Problem requirements:
All entries that follow are to be written out verbatim.

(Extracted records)
-=-=-
lemma Axx_head_lower:
  assumes "0 < \<sigma>" "\<sigma> \<le> 1" "0 < v" "v < x" "x < 1" "1 - e0 < interp x v \<sigma>"
  shows "(1 - \<sigma>\<^sup>2)\<^sup>2 / \<sigma> * ((g1 x - g1 (interp x v \<sigma>)) / (2 * (x - v)))
    \<le> integral {0..\<sigma>} (\<lambda>s. (1 - s\<^sup>2)\<^sup>2 * g2 (interp x v s))"
proof -
  have "integral {0..\<sigma>} (\<lambda>s. (1 - \<sigma>\<^sup>2)\<^sup>2 / \<sigma> * (s * g2 (interp x v s)))
      \<le> integral {0..\<sigma>} (\<lambda>s. (1 - s\<^sup>2)\<^sup>2 * g2 (interp x v s))"
  proof (rule integral_le)
    show "(\<lambda>s. (1 - \<sigma>\<^sup>2)\<^sup>2 / \<sigma> * (s * g2 (interp x v s))) integrable_on {0..\<sigma>}"
      "(\<lambda>s. (1 - s\<^sup>2)\<^sup>2 * g2 (interp x v s)) integrable_on {0..\<sigma>}"
      using assms by (auto intro!: integrable_on_mult_right integrable_on_weighted_g2 continuous_intros)
    fix s assume s: "s \<in> {0..\<sigma>}"
    then have ss: "s\<^sup>2 \<le> \<sigma>\<^sup>2" "\<sigma>\<^sup>2 \<le> 1" using assms by (auto intro: power_mono simp: power_le_one)
    have "interp x v \<sigma> \<le> interp x v s" unfolding interp_def
      using ss assms by (intro diff_left_mono mult_right_mono) auto
    then have g2p: "0 < g2 (interp x v s)"
      using interp_between[of v x s] s assms by (intro g2_pos_near_1) auto
    have "s * (1 - \<sigma>\<^sup>2)\<^sup>2 \<le> \<sigma> * (1 - \<sigma>\<^sup>2)\<^sup>2" using s by (intro mult_right_mono) auto
    then have "(1 - \<sigma>\<^sup>2)\<^sup>2 / \<sigma> * s \<le> (1 - \<sigma>\<^sup>2)\<^sup>2" using assms by (simp add: field_simps)
    also have "\<dots> \<le> (1 - s\<^sup>2)\<^sup>2" using ss by (intro power_mono) auto
    finally have "((1 - \<sigma>\<^sup>2)\<^sup>2 / \<sigma> * s) * g2 (interp x v s) \<le> (1 - s\<^sup>2)\<^sup>2 * g2 (interp x v s)"
      using g2p by (intro mult_right_mono) auto
    then show "(1 - \<sigma>\<^sup>2)\<^sup>2 / \<sigma> * (s * g2 (interp x v s)) \<le> (1 - s\<^sup>2)\<^sup>2 * g2 (interp x v s)"
      by (simp only: mult.assoc)
  qed
  moreover have "integral {0..\<sigma>} (\<lambda>s. (1 - \<sigma>\<^sup>2)\<^sup>2 / \<sigma> * (s * g2 (interp x v s)))
      = (1 - \<sigma>\<^sup>2)\<^sup>2 / \<sigma> * ((g1 x - g1 (interp x v \<sigma>)) / (2 * (x - v)))"
    using integral_s_g2_interp[of x v 0 \<sigma>] assms by simp
  ultimately show ?thesis by simp
qed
-=-=-
Task solution:
lemma Axx_head_lower:
  assumes "0 < \<sigma>" "\<sigma> \<le> 1" "0 < v" "v < x" "x < 1" "1 - e0 < interp x v \<sigma>"
  shows "(1 - \<sigma>\<^sup>2)\<^sup>2 / \<sigma> * ((g1 x - g1 (interp x v \<sigma>)) / (2 * (x - v)))
    \<le> integral {0..\<sigma>} (\<lambda>s. (1 - s\<^sup>2)\<^sup>2 * g2 (interp x v s))"
proof -
  have "integral {0..\<sigma>} (\<lambda>s. (1 - \<sigma>\<^sup>2)\<^sup>2 / \<sigma> * (s * g2 (interp x v s)))
      \<le> integral {0..\<sigma>} (\<lambda>s. (1 - s\<^sup>2)\<^sup>2 * g2 (interp x v s))"
  proof (rule integral_le)
    show "(\<lambda>s. (1 - \<sigma>\<^sup>2)\<^sup>2 / \<sigma> * (s * g2 (interp x v s))) integrable_on {0..\<sigma>}"
      "(\<lambda>s. (1 - s\<^sup>2)\<^sup>2 * g2 (interp x v s)) integrable_on {0..\<sigma>}"
      using assms by (auto intro!: integrable_on_mult_right integrable_on_weighted_g2 continuous_intros)
    fix s assume s: "s \<in> {0..\<sigma>}"
    then have ss: "s\<^sup>2 \<le> \<sigma>\<^sup>2" "\<sigma>\<^sup>2 \<le> 1" using assms by (auto intro: power_mono simp: power_le_one)
    have "interp x v \<sigma> \<le> interp x v s" unfolding interp_def
      using ss assms by (intro diff_left_mono mult_right_mono) auto
    then have g2p: "0 < g2 (interp x v s)"
      using interp_between[of v x s] s assms by (intro g2_pos_near_1) auto
    have "s * (1 - \<sigma>\<^sup>2)\<^sup>2 \<le> \<sigma> * (1 - \<sigma>\<^sup>2)\<^sup>2" using s by (intro mult_right_mono) auto
    then have "(1 - \<sigma>\<^sup>2)\<^sup>2 / \<sigma> * s \<le> (1 - \<sigma>\<^sup>2)\<^sup>2" using assms by (simp add: field_simps)
    also have "\<dots> \<le> (1 - s\<^sup>2)\<^sup>2" using ss by (intro power_mono) auto
    finally have "((1 - \<sigma>\<^sup>2)\<^sup>2 / \<sigma> * s) * g2 (interp x v s) \<le> (1 - s\<^sup>2)\<^sup>2 * g2 (interp x v s)"
      using g2p by (intro mult_right_mono) auto
    then show "(1 - \<sigma>\<^sup>2)\<^sup>2 / \<sigma> * (s * g2 (interp x v s)) \<le> (1 - s\<^sup>2)\<^sup>2 * g2 (interp x v s)"
      by (simp only: mult.assoc)
  qed
  moreover have "integral {0..\<sigma>} (\<lambda>s. (1 - \<sigma>\<^sup>2)\<^sup>2 / \<sigma> * (s * g2 (interp x v s)))
      = (1 - \<sigma>\<^sup>2)\<^sup>2 / \<sigma> * ((g1 x - g1 (interp x v \<sigma>)) / (2 * (x - v)))"
    using integral_s_g2_interp[of x v 0 \<sigma>] assms by simp
  ultimately show ?thesis by simp
qed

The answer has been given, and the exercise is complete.